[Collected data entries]
# # # # #
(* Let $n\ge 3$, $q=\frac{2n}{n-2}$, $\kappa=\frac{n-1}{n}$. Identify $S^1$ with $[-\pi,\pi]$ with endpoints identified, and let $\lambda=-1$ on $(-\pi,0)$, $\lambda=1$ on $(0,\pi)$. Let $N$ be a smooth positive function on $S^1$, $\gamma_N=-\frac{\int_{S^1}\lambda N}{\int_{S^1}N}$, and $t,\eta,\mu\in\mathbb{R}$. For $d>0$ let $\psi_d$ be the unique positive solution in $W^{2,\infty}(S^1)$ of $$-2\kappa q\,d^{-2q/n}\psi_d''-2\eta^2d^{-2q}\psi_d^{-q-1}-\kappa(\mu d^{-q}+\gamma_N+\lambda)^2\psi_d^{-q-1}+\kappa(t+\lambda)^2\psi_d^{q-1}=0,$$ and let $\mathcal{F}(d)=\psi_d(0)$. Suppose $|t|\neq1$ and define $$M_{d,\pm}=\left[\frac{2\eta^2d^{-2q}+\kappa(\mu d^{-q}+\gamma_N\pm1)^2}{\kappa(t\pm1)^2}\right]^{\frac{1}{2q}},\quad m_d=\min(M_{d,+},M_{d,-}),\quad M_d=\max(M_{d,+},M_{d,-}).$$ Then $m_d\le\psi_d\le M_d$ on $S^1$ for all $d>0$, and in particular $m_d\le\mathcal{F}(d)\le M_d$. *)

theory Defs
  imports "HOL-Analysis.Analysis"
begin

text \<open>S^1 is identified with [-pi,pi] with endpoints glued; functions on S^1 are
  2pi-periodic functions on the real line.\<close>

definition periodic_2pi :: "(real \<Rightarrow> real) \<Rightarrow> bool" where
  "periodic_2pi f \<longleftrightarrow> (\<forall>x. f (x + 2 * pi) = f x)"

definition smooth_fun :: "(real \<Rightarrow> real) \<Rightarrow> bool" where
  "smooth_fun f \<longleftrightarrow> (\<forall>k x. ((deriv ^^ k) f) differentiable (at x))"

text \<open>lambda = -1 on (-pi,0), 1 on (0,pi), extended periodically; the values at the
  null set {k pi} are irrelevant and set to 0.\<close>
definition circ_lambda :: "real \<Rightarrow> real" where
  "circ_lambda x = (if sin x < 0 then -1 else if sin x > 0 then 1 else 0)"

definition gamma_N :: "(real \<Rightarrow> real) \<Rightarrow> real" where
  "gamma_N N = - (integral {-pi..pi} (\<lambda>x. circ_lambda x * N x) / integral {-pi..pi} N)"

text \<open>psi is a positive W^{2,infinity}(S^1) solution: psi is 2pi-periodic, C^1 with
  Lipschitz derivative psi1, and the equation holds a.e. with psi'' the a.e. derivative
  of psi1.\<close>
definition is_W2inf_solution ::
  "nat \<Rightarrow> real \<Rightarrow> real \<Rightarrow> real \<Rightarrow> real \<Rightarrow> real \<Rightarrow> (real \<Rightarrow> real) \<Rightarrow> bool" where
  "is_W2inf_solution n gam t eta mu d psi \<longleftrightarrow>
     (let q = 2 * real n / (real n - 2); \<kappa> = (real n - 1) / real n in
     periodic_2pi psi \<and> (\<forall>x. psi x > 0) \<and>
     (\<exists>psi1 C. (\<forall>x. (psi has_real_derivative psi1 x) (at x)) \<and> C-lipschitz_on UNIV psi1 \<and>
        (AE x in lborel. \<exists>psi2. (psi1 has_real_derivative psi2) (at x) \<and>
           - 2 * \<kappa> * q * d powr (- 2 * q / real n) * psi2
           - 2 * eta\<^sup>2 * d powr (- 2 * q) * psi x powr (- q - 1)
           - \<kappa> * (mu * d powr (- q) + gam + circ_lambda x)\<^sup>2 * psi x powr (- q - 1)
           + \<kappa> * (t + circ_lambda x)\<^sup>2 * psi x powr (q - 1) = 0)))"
# # # # #
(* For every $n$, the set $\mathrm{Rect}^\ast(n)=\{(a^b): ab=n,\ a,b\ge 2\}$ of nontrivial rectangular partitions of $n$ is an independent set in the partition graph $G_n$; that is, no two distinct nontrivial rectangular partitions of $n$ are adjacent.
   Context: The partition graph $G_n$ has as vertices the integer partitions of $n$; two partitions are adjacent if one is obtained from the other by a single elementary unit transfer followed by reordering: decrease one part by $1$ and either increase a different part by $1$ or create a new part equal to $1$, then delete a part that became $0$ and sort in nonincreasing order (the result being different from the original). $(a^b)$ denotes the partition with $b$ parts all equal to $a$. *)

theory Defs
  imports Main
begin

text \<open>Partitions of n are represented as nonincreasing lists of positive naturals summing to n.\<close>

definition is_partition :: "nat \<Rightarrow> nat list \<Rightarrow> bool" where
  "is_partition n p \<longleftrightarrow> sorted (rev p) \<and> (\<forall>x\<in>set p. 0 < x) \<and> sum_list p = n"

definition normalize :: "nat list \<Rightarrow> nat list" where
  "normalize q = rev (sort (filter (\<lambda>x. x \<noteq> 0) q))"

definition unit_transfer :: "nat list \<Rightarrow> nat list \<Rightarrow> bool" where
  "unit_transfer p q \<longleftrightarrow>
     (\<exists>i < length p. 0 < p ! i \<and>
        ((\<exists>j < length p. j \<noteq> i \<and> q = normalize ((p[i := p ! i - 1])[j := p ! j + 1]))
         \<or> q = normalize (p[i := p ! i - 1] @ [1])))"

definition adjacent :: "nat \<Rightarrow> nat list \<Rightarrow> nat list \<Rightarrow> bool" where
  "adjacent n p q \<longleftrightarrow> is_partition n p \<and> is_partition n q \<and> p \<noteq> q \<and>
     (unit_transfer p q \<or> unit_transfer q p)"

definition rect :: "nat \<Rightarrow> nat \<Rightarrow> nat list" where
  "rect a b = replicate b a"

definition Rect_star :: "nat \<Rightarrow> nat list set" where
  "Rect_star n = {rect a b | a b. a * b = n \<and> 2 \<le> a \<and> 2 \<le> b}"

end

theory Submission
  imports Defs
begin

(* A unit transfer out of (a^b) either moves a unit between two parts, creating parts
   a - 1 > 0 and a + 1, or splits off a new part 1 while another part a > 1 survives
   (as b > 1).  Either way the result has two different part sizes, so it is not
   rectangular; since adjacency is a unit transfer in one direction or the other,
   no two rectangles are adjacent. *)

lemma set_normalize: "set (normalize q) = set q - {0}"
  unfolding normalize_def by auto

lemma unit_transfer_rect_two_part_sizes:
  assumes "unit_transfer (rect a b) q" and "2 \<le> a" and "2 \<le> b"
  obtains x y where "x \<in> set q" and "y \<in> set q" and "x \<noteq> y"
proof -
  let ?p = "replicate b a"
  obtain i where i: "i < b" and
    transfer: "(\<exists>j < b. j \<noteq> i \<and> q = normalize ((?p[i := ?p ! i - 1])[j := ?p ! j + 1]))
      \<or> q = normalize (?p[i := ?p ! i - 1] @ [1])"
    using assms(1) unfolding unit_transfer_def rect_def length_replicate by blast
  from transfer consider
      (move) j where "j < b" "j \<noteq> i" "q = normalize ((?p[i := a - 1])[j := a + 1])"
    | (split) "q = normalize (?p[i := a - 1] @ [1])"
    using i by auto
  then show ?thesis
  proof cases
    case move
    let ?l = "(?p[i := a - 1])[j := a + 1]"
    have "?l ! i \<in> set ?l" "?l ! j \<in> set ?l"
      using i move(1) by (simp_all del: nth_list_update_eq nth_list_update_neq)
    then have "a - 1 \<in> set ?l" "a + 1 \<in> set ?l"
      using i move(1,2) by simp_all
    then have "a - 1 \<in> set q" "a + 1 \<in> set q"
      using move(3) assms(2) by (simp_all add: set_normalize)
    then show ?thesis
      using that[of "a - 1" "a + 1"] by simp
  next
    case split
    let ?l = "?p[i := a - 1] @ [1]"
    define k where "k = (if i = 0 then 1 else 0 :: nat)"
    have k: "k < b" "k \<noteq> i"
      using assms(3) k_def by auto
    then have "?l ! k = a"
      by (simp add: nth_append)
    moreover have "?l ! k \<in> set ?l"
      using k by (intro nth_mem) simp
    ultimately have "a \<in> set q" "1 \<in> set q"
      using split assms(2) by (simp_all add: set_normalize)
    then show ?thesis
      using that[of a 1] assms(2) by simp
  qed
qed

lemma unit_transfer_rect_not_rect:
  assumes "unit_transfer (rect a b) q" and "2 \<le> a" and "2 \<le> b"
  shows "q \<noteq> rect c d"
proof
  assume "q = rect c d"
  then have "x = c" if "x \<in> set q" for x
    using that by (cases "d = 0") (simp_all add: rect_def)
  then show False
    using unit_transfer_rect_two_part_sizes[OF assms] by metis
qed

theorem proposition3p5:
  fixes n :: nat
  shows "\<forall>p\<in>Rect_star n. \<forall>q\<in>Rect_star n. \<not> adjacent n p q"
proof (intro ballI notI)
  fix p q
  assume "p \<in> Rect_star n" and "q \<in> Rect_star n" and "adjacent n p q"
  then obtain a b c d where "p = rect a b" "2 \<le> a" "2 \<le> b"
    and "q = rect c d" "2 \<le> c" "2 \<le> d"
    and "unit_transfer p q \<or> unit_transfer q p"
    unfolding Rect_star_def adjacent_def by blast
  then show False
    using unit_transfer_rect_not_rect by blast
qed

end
# # # # #
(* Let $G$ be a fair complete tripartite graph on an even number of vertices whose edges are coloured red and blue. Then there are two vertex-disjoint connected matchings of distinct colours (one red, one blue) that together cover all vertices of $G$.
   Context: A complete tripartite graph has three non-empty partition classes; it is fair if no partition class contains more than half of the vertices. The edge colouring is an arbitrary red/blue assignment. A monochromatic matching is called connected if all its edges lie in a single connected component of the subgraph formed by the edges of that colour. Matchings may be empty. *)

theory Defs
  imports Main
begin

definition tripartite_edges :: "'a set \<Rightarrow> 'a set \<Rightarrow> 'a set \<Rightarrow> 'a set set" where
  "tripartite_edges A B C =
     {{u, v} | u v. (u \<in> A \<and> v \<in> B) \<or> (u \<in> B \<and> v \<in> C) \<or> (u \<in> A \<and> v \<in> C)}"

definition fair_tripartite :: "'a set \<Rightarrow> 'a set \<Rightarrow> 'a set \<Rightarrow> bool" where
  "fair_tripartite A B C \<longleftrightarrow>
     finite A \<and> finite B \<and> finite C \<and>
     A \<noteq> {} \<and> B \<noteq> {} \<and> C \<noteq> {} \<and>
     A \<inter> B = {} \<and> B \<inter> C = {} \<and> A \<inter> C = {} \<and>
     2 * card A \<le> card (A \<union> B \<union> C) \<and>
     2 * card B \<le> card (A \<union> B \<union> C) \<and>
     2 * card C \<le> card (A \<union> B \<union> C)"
# # # # #
◆ Brief
Work out how many lines in the records above contain the word "imports". State only that number.

◆ Result of this exercise
4